Discussion in 'Homework Help' started by manish1991, May 7, 2014.

1. ### manish1991 Thread Starter New Member

Jun 17, 2013
11
0
hello, I am trying to design a transistor amplifier with the following characteristics:

Vcc=9V
C1 = 100nF
C2 = 100nF
hfe = 350
ic (quesent) = 18mA

I have to find the resistor values of the circuit, however cannot seem to find the correct value for RL. Its probably easy but i can't seem to remember for the life of me.
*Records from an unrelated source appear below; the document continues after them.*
(* Let $n=2K$, let $m_1,\dots,m_n>0$ be fixed constants, and let $M=\{(x_1,\dots,x_n)\in\mathbb{R}^n: x_1<\dots<x_n\}$ carry the Poisson bracket determined by $\{x_i,x_k\}=\operatorname{sgn}(x_i-x_k)$, i.e. $\{f,g\}=\sum_{i,k}\operatorname{sgn}(x_i-x_k)\frac{\partial f}{\partial x_i}\frac{\partial g}{\partial x_k}$. Set $h_i=m_ie^{x_i}$, $g_i=m_ie^{-x_i}$ and $$H_j=\sum_{\substack{I,J\in\binom{[2K]}{j}\\ I<J}} h_I g_J,\qquad 1\le j\le K.$$ Then $\{H_i,H_j\}=0$ for all $1\le i,j\le K$.
   Context: $[k]=\{1,\dots,k\}$ and $\binom{[k]}{j}$ is the set of $j$-element subsets $I=\{i_1<\dots<i_j\}$ of $[k]$. For $I,J\in\binom{[k]}{j}$, $I<J$ (interlacing) means $i_1<j_1<i_2<j_2<\dots<i_j<j_j$. Also $h_I=h_{i_1}\cdots h_{i_j}$ and $g_J=g_{j_1}\cdots g_{j_j}$. (These $H_j$ are constants of motion of the conservative mCH peakon system $\dot x_j=2\sum_{k\ne j}m_jm_ke^{-|x_j-x_k|}+4\sum_{1\le i<j<k\le n}m_im_ke^{-|x_i-x_k|}$ on $M$.) *)

theory Defs
  imports "HOL-Analysis.Analysis"
begin

text \<open>Points of R^n are functions x :: nat => real, of which only the
coordinates x 1, ..., x n matter.\<close>

definition partial :: "((nat \<Rightarrow> real) \<Rightarrow> real) \<Rightarrow> nat \<Rightarrow> (nat \<Rightarrow> real) \<Rightarrow> real" where
  "partial f i x = deriv (\<lambda>t. f (x(i := t))) (x i)"

definition pbracket :: "nat \<Rightarrow> ((nat \<Rightarrow> real) \<Rightarrow> real) \<Rightarrow> ((nat \<Rightarrow> real) \<Rightarrow> real)
    \<Rightarrow> (nat \<Rightarrow> real) \<Rightarrow> real" where
  "pbracket n f g x = (\<Sum>i\<in>{1..n}. \<Sum>k\<in>{1..n}.
      sgn (x i - x k) * partial f i x * partial g k x)"

definition subsets_of :: "nat \<Rightarrow> nat \<Rightarrow> nat set set" where
  "subsets_of k j = {I. I \<subseteq> {1..k} \<and> card I = j}"

definition interlace :: "nat set \<Rightarrow> nat set \<Rightarrow> bool" where
  "interlace I J = (let a = sorted_list_of_set I; b = sorted_list_of_set J; j = card I in
      card J = j \<and> (\<forall>r<j. a ! r < b ! r) \<and> (\<forall>r. r + 1 < j \<longrightarrow> b ! r < a ! (r + 1)))"

definition H :: "nat \<Rightarrow> (nat \<Rightarrow> real) \<Rightarrow> nat \<Rightarrow> (nat \<Rightarrow> real) \<Rightarrow> real" where
  "H K m j x = (\<Sum>(I, J) \<in> {(I, J). I \<in> subsets_of (2 * K) j \<and> J \<in> subsets_of (2 * K) j
        \<and> interlace I J}.
      (\<Prod>i\<in>I. m i * exp (x i)) * (\<Prod>l\<in>J. m l * exp (- x l)))"

end

theory Submission
  imports Defs
begin

text \<open>With v = 1_I - 1_J, the monomial h_I g_J is a constant times exp (\<Sum>b. v_b x_b), and
  (I, J) is an interlacing pair exactly when v has entries in {-1, 0, 1}, partial sums in
  {0, 1} and total sum 0. Since {x_a, x_k} = sgn (a - k) on the ordered chamber, the bracket
  of two such exponentials is their product times the integer
  \<sigma>(v, u) = \<Sum>a k. sgn (a - k) v_a u_k. Up to telescoping terms, 2 \<sigma>(v, u) splits into
  contributions of the maximal blocks of indices on which the partial sums of v and u
  differ, and exchanging v and u on one block preserves the product of the weights and
  the number of ones of each vector while reversing that block's contribution. So in
  {H_i, H_j} all contributions cancel.\<close>

section \<open>Interlacing and counting functions\<close>

definition count_le :: "nat set \<Rightarrow> nat \<Rightarrow> nat" where
  "count_le I a = card {x\<in>I. x \<le> a}"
I have managed to calculate R1 and R2 values along with RE.

My calculations:

IB = (5.14X10^-5)A
IC = 18.03mA

Firstly:
R2=(VRE+ VBE)/(10 X IB )
R2=(1+ 0.6)/(10 X (5.14X10^-5)

R2=3.11 KΩ

Secondly:

R1=(VCC-(VRE+VBE))/(11 X IB )
R1=(9-(1+0.6))/(11 X (5.14X10^-5)

R1=13.09 KΩ

RE=VRE/IE
RE=1/(18.08X10^-3)

RE=55.31Ω

Can anybody show me how to calculate RL as I am stumped??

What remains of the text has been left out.